To do
Find the line containing "(\<forall>g h. \<forall>x\<in>Sg" in the listing below. Repeat it exactly, along with each following line up to and including the one containing "(\<forall>s. \<exists>!f. finite".

** Opening Records shown block **

(* Let $S$ be an epsilon-strongly $G$-graded ring such that $S_g\neq0$ for only finitely many $g\in G$. Define recursively $1_{(0)}=1_S$ and, as long as $1_{(j)}\neq0$: $S^{(j)}=1_{(j)}S$, which is an epsilon-strongly $G$-graded ring with components $1_{(j)}S_g$, identity $1_{(j)}$ and $\epsilon^{(j)}_g=1_{(j)}\epsilon_g$; let $e^{(j)}_1,\dots,e^{(j)}_{k_j}$ be the minimal elements of $B(\mathcal{E}^{(j)}_G)^*$, where $B(\mathcal{E}^{(j)}_G)$ is the multiplicative semigroup generated by $\{\epsilon^{(j)}_g:g\in G\}$; and set $1_{(j+1)}=1_{(j)}-\sum_{i=1}^{k_j}e^{(j)}_i$. Assume that at every step $j$ with $1_{(j)}\neq0$ all the minimal elements $e^{(j)}_i$ are epsilon-central in $S^{(j)}$, i.e. $N^{(j)}(e^{(j)}_i)=\{g\in G:e^{(j)}_i\epsilon^{(j)}_g=e^{(j)}_i\}$ is a subgroup of $G$. Then the process stops after finitely many steps and $S$ is a finite direct sum of rings, each of which is either of the form $e^{(j)}_iS$ and strongly $N^{(j)}(e^{(j)}_i)$-graded (by the components $e^{(j)}_iS_g$, $g\in N^{(j)}(e^{(j)}_i)$), or is a ring $1_{(l)}S$ whose induced gradation is trivial (i.e. $1_{(l)}S_g=0$ for all $g\neq e$).
   Context: $G$ is a group with identity $e$; $S=\bigoplus_{g\in G}S_g$ is an associative unital ring graded by $G$, $R=S_e$, $XY$ denotes finite sums of products. $S$ is epsilon-strongly graded: each ideal $S_gS_{g^{-1}}$ of $R$ has an identity $\epsilon_g$ with $\epsilon_gs=s=s\epsilon_{g^{-1}}$ for $s\in S_g$; $\epsilon_e=1_S$; each $\epsilon_g$ is an idempotent in $Z(R)$. For a semigroup $B$ of idempotents containing $0$, $B^*=B\setminus\{0\}$ is ordered by $a\le b$ iff $a=ab$. A ring graded by a subgroup $H$ is strongly $H$-graded if $A_gA_h=A_{gh}$ for all $g,h\in H$. *)

theory Defs
  imports Main
begin

text \<open>Conventions: the ring S is the whole type 'a (class ring_1); the group G is the whole
type 'g (class group_add, not necessarily commutative), written additively:
product gh = g + h, inverse -g, identity 0.  A G-grading is given by the family of
components Sg :: 'g => 'a set.\<close>

definition prodset :: "'a::ring_1 set \<Rightarrow> 'a set \<Rightarrow> 'a set" where
  "prodset X Y = {\<Sum>i<n. x i * y i | (n::nat) x y. \<forall>i<n. x i \<in> X \<and> y i \<in> Y}"

definition additive_subgroup :: "'a::ring_1 set \<Rightarrow> bool" where
  "additive_subgroup A \<longleftrightarrow> 0 \<in> A \<and> (\<forall>x\<in>A. \<forall>y\<in>A. x + y \<in> A \<and> - x \<in> A)"

definition graded :: "('g::group_add \<Rightarrow> 'a::ring_1 set) \<Rightarrow> bool" where
  "graded Sg \<longleftrightarrow>
     (\<forall>g. additive_subgroup (Sg g)) \<and>
     (\<forall>g h. \<forall>x\<in>Sg g. \<forall>y\<in>Sg h. x * y \<in> Sg (g + h)) \<and>
     (\<forall>s. \<exists>!f. finite {g. f g \<noteq> 0} \<and> (\<forall>g. f g \<in> Sg g) \<and> s = sum f {g. f g \<noteq> 0})"

definition is_identity_of :: "'a::ring_1 set \<Rightarrow> 'a \<Rightarrow> bool" where
  "is_identity_of I e \<longleftrightarrow> e \<in> I \<and> (\<forall>x\<in>I. e * x = x \<and> x * e = x)"

definition eps :: "('g::group_add \<Rightarrow> 'a::ring_1 set) \<Rightarrow> 'g \<Rightarrow> 'a" where
  "eps Sg g = (THE e. is_identity_of (prodset (Sg g) (Sg (- g))) e)"

definition epsilon_strongly_graded :: "('g::group_add \<Rightarrow> 'a::ring_1 set) \<Rightarrow> bool" where
  "epsilon_strongly_graded Sg \<longleftrightarrow> graded Sg \<and>
     (\<exists>\<epsilon>. \<forall>g. is_identity_of (prodset (Sg g) (Sg (- g))) (\<epsilon> g) \<and>
          (\<forall>s\<in>Sg g. \<epsilon> g * s = s \<and> s * \<epsilon> (- g) = s))"

definition sgen :: "'a::ring_1 set \<Rightarrow> 'a set" where
  "sgen A = {prod_list xs | xs. xs \<noteq> [] \<and> set xs \<subseteq> A}"

text \<open>B(E^(j)) for the ring u S, where u = 1_(j): generated by u * eps_g.\<close>
definition Bsg :: "('g::group_add \<Rightarrow> 'a::ring_1 set) \<Rightarrow> 'a \<Rightarrow> 'a set" where
  "Bsg Sg u = sgen {u * eps Sg g | g. True}"

text \<open>Minimal elements of B^* w.r.t.  a \<le> b iff a = a b.\<close>
definition minimals :: "('g::group_add \<Rightarrow> 'a::ring_1 set) \<Rightarrow> 'a \<Rightarrow> 'a set" where
  "minimals Sg u = {a \<in> Bsg Sg u - {0}. \<forall>b \<in> Bsg Sg u - {0}. b = b * a \<longrightarrow> b = a}"

text \<open>The sequence 1_(j).  Once 1_(j) = 0 it stays 0 (B^* is then empty).\<close>
fun one_seq :: "('g::group_add \<Rightarrow> 'a::ring_1 set) \<Rightarrow> nat \<Rightarrow> 'a" where
  "one_seq Sg 0 = 1"
| "one_seq Sg (Suc j) = one_seq Sg j - sum id (minimals Sg (one_seq Sg j))"

text \<open>N^(j)(e) = {g. e * eps^(j)_g = e} with eps^(j)_g = 1_(j) eps_g.\<close>
definition Nset :: "('g::group_add \<Rightarrow> 'a::ring_1 set) \<Rightarrow> 'a \<Rightarrow> 'a \<Rightarrow> 'g set" where
  "Nset Sg u e = {g. e * (u * eps Sg g) = e}"

definition is_subgroup :: "'g::group_add set \<Rightarrow> bool" where
  "is_subgroup H \<longleftrightarrow> 0 \<in> H \<and> (\<forall>g\<in>H. \<forall>h\<in>H. g + h \<in> H) \<and> (\<forall>g\<in>H. - g \<in> H)"

definition lmult :: "'a::ring_1 \<Rightarrow> 'a set \<Rightarrow> 'a set" where
  "lmult e A = {e * s | s. s \<in> A}"

definition strongly_graded_by :: "('g::group_add \<Rightarrow> 'a::ring_1 set) \<Rightarrow> 'a \<Rightarrow> 'g set \<Rightarrow> bool" where
  "strongly_graded_by Sg e H \<longleftrightarrow>
     (\<forall>g. g \<notin> H \<longrightarrow> lmult e (Sg g) = {0}) \<and>
     (\<forall>g\<in>H. \<forall>h\<in>H. prodset (lmult e (Sg g)) (lmult e (Sg h)) = lmult e (Sg (g + h)))"

definition trivially_graded :: "('g::group_add \<Rightarrow> 'a::ring_1 set) \<Rightarrow> 'a \<Rightarrow> bool" where
  "trivially_graded Sg e \<longleftrightarrow> (\<forall>g. g \<noteq> 0 \<longrightarrow> lmult e (Sg g) = {0})"

end

theory Submission
  imports Defs
begin

text \<open>The idempotents \<open>\<epsilon>\<^sub>g\<close> commute with each other and with \<open>S\<^sub>e\<close>, and
  \<open>s \<epsilon>\<^sub>h = \<epsilon>\<^sub>g\<^sub>h s\<close> for \<open>s \<in> S\<^sub>g\<close>.  Hence for a central idempotent \<open>u\<close> the products
  \<open>u \<epsilon>\<^sub>g\<^sub>1 \<cdots> \<epsilon>\<^sub>g\<^sub>n\<close> form a commutative semigroup of idempotents, finite because only
  finitely many \<open>\<epsilon>\<^sub>g\<close> are nonzero.  Its minimal nonzero elements are pairwise orthogonal,
  and a minimal \<open>e\<close> satisfies \<open>e \<epsilon>\<^sub>g \<in> {0, e}\<close>; when \<open>N(e)\<close> is a subgroup, moving
  \<open>e\<close> past homogeneous elements shows that \<open>e\<close> is central and that \<open>eS\<close> is strongly
  \<open>N(e)\<close>-graded.  So \<open>1_(j+1)\<close> is again a central idempotent; it kills the products of
  the \<open>\<epsilon>\<^sub>g\<close> generating the minimal elements of step \<open>j\<close>, so the finite set of products
  not killed by \<open>1_(j)\<close> strictly shrinks until \<open>1_(L) = 0\<close>.  The minimal elements of all
  steps then are orthogonal central idempotents summing to \<open>1\<close>.  A trivially graded
  \<open>1_(l)S\<close> has \<open>1_(l)\<close> as its only minimal element, so every summand is covered by the
  first alternative of the theorem.\<close>

definition central_idempotent :: "'a::ring_1 \<Rightarrow> bool" where
  "central_idempotent u \<longleftrightarrow> u * u = u \<and> (\<forall>x. u * x = x * u)"

lemma central_idempotent_one [simp]: "central_idempotent 1"
  by (simp add: central_idempotent_def)

lemma central_idempotentD:
  assumes "central_idempotent u"
  shows central_idempotent_idem: "u * u = u" and central_idempotent_commute: "u * x = x * u"
  using assms unfolding central_idempotent_def by blast+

** Closing Records shown block **

Answer area
     (\<forall>g h. \<forall>x\<in>Sg g. \<forall>y\<in>Sg h. x * y \<in> Sg (g + h)) \<and>
     (\<forall>s. \<exists>!f. finite {g. f g \<noteq> 0} \<and> (\<forall>g. f g \<in> Sg g) \<and> s = sum f {g. f g \<noteq> 0})"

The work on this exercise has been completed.